_PROBLEM REQUIREMENTS_: Count up the lines in the listing below that hold "indices", and answer with the total alone.

*** Block opens ***

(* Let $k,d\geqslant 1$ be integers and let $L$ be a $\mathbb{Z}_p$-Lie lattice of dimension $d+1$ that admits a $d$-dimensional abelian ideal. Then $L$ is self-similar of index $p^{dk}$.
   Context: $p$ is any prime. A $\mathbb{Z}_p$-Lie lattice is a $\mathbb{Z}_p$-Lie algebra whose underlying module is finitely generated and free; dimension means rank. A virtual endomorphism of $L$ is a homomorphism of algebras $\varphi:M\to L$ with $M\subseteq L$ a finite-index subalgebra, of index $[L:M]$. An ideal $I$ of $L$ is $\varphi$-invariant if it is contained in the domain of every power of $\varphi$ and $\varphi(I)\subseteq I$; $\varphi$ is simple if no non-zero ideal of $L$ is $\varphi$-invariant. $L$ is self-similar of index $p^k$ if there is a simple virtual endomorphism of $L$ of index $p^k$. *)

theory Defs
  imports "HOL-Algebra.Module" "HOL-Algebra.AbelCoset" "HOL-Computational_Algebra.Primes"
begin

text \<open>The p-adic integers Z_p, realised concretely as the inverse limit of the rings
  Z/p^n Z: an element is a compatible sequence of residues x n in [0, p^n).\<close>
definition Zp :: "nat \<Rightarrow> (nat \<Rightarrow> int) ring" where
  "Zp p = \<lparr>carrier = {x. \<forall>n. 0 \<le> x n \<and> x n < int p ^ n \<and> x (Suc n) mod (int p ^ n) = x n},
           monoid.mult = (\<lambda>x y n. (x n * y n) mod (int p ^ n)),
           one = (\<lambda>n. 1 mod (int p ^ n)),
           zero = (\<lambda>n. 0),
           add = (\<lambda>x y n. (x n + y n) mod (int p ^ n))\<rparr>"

*** Block closes ***
*** Block opens ***

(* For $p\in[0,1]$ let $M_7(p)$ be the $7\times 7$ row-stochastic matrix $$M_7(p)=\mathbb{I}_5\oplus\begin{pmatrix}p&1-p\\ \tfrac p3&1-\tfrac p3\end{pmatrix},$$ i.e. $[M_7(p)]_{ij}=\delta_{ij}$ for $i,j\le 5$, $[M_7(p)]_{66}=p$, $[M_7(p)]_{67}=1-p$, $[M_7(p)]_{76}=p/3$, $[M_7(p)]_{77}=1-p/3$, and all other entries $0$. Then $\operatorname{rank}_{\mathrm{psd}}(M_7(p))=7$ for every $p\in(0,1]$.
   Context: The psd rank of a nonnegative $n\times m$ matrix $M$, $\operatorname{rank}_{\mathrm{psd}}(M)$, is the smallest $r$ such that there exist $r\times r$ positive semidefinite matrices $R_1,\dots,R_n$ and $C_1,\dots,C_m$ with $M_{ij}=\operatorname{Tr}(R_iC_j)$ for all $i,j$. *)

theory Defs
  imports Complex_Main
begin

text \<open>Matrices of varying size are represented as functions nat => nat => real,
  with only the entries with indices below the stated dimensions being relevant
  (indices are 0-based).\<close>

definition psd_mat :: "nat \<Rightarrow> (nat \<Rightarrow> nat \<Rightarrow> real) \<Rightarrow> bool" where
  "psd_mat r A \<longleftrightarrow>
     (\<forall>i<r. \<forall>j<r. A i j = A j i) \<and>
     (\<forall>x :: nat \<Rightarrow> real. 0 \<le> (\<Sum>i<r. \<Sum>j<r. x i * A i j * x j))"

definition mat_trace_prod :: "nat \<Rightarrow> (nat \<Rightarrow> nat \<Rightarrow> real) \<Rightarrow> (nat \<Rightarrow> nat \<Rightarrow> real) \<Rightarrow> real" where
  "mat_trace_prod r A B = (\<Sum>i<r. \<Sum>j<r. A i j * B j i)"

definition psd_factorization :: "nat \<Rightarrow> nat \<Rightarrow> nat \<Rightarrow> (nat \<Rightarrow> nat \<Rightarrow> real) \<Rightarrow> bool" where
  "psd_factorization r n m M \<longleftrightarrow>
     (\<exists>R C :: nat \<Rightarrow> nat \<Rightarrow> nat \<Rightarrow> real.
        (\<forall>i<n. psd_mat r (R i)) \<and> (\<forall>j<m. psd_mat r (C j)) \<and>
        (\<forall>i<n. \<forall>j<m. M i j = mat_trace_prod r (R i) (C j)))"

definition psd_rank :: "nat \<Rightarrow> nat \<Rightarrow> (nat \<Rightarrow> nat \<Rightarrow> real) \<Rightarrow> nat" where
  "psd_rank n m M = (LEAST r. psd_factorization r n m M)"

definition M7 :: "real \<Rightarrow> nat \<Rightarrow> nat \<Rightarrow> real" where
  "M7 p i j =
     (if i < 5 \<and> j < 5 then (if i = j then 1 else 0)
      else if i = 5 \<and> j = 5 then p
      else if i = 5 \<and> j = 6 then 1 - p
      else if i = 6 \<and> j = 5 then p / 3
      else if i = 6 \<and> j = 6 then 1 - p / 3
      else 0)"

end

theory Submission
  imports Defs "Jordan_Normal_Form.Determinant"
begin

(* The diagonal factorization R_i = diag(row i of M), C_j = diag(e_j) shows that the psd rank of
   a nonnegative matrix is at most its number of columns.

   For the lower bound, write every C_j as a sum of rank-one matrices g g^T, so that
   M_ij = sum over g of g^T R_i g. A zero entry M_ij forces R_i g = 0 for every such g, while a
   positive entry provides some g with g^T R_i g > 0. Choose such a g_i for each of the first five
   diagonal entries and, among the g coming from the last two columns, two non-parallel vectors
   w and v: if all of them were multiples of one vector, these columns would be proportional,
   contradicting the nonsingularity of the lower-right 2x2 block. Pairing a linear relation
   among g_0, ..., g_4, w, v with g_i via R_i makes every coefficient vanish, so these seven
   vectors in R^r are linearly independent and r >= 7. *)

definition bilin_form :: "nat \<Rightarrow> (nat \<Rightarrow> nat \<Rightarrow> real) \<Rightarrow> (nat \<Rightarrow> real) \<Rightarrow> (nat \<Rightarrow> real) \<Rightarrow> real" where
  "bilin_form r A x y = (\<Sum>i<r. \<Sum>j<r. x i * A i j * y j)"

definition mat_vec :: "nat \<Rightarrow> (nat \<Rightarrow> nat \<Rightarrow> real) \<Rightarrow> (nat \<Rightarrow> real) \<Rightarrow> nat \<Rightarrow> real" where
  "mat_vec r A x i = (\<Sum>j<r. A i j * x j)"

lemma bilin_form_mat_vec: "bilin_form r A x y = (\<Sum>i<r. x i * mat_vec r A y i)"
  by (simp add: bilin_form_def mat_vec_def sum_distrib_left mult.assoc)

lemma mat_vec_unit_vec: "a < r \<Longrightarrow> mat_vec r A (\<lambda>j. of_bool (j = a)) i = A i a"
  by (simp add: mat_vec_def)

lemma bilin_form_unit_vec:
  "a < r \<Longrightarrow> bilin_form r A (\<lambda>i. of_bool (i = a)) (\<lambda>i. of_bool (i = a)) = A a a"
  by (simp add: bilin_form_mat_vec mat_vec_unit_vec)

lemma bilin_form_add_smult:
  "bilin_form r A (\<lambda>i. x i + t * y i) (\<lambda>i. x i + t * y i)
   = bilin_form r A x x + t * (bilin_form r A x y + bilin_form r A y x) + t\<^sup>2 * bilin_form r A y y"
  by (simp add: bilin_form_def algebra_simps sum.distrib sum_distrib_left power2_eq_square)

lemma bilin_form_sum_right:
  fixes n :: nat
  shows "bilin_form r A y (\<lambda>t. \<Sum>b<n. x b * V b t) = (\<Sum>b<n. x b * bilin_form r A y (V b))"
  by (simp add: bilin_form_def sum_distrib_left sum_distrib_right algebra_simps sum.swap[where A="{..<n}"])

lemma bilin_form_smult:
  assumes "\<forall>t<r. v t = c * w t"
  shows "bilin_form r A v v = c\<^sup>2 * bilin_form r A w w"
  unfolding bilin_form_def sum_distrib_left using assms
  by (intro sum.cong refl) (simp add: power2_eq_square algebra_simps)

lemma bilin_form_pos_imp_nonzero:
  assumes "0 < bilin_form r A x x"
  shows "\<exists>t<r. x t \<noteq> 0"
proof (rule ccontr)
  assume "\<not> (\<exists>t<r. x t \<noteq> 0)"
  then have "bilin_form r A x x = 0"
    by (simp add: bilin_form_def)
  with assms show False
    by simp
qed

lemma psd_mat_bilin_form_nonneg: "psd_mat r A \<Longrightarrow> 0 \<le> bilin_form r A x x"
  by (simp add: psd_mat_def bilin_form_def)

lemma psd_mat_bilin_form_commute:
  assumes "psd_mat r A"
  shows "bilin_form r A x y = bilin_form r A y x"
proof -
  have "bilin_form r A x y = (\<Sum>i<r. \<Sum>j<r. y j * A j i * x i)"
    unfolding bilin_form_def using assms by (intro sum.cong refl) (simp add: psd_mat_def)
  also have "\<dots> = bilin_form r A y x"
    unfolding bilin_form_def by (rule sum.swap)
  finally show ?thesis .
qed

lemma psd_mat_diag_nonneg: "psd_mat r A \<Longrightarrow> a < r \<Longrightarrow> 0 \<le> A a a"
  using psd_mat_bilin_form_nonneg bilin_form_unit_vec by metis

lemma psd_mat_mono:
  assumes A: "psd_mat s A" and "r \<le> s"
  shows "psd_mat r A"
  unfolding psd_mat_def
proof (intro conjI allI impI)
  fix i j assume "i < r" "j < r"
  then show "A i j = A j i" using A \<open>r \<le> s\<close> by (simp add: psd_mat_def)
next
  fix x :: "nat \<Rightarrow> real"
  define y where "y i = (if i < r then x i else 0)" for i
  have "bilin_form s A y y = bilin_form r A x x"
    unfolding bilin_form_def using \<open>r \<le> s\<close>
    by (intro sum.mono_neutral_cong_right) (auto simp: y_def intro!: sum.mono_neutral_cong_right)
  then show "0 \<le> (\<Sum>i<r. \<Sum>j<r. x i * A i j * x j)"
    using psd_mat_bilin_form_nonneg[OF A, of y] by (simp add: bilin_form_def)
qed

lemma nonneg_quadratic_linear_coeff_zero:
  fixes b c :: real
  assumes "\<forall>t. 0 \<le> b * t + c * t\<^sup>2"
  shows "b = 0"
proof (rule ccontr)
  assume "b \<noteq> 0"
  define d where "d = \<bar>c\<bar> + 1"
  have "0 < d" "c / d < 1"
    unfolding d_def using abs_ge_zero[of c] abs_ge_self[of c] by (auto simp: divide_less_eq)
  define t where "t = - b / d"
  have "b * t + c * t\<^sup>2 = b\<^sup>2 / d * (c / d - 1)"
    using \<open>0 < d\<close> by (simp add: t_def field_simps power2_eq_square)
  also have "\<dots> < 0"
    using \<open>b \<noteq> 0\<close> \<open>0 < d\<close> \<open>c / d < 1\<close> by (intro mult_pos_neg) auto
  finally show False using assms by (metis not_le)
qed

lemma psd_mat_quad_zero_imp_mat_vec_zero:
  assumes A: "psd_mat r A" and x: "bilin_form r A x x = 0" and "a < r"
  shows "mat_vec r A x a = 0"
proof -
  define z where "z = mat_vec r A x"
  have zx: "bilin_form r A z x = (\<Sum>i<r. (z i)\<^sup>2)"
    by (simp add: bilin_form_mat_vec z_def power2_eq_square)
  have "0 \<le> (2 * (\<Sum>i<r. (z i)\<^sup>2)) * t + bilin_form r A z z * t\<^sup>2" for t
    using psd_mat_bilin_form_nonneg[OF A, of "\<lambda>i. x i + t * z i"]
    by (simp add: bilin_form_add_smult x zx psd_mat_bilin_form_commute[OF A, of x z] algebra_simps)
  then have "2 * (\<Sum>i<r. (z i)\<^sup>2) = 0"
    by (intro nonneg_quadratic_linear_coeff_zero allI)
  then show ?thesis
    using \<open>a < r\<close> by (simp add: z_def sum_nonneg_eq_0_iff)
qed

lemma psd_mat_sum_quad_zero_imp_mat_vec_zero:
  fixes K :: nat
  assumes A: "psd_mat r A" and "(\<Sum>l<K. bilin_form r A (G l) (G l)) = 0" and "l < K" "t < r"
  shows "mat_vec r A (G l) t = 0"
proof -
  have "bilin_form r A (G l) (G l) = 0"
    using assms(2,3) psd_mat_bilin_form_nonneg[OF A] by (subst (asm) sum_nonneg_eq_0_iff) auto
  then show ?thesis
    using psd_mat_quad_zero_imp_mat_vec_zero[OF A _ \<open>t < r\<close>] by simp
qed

*** Block closes ***

_WRITTEN ANSWER_: 2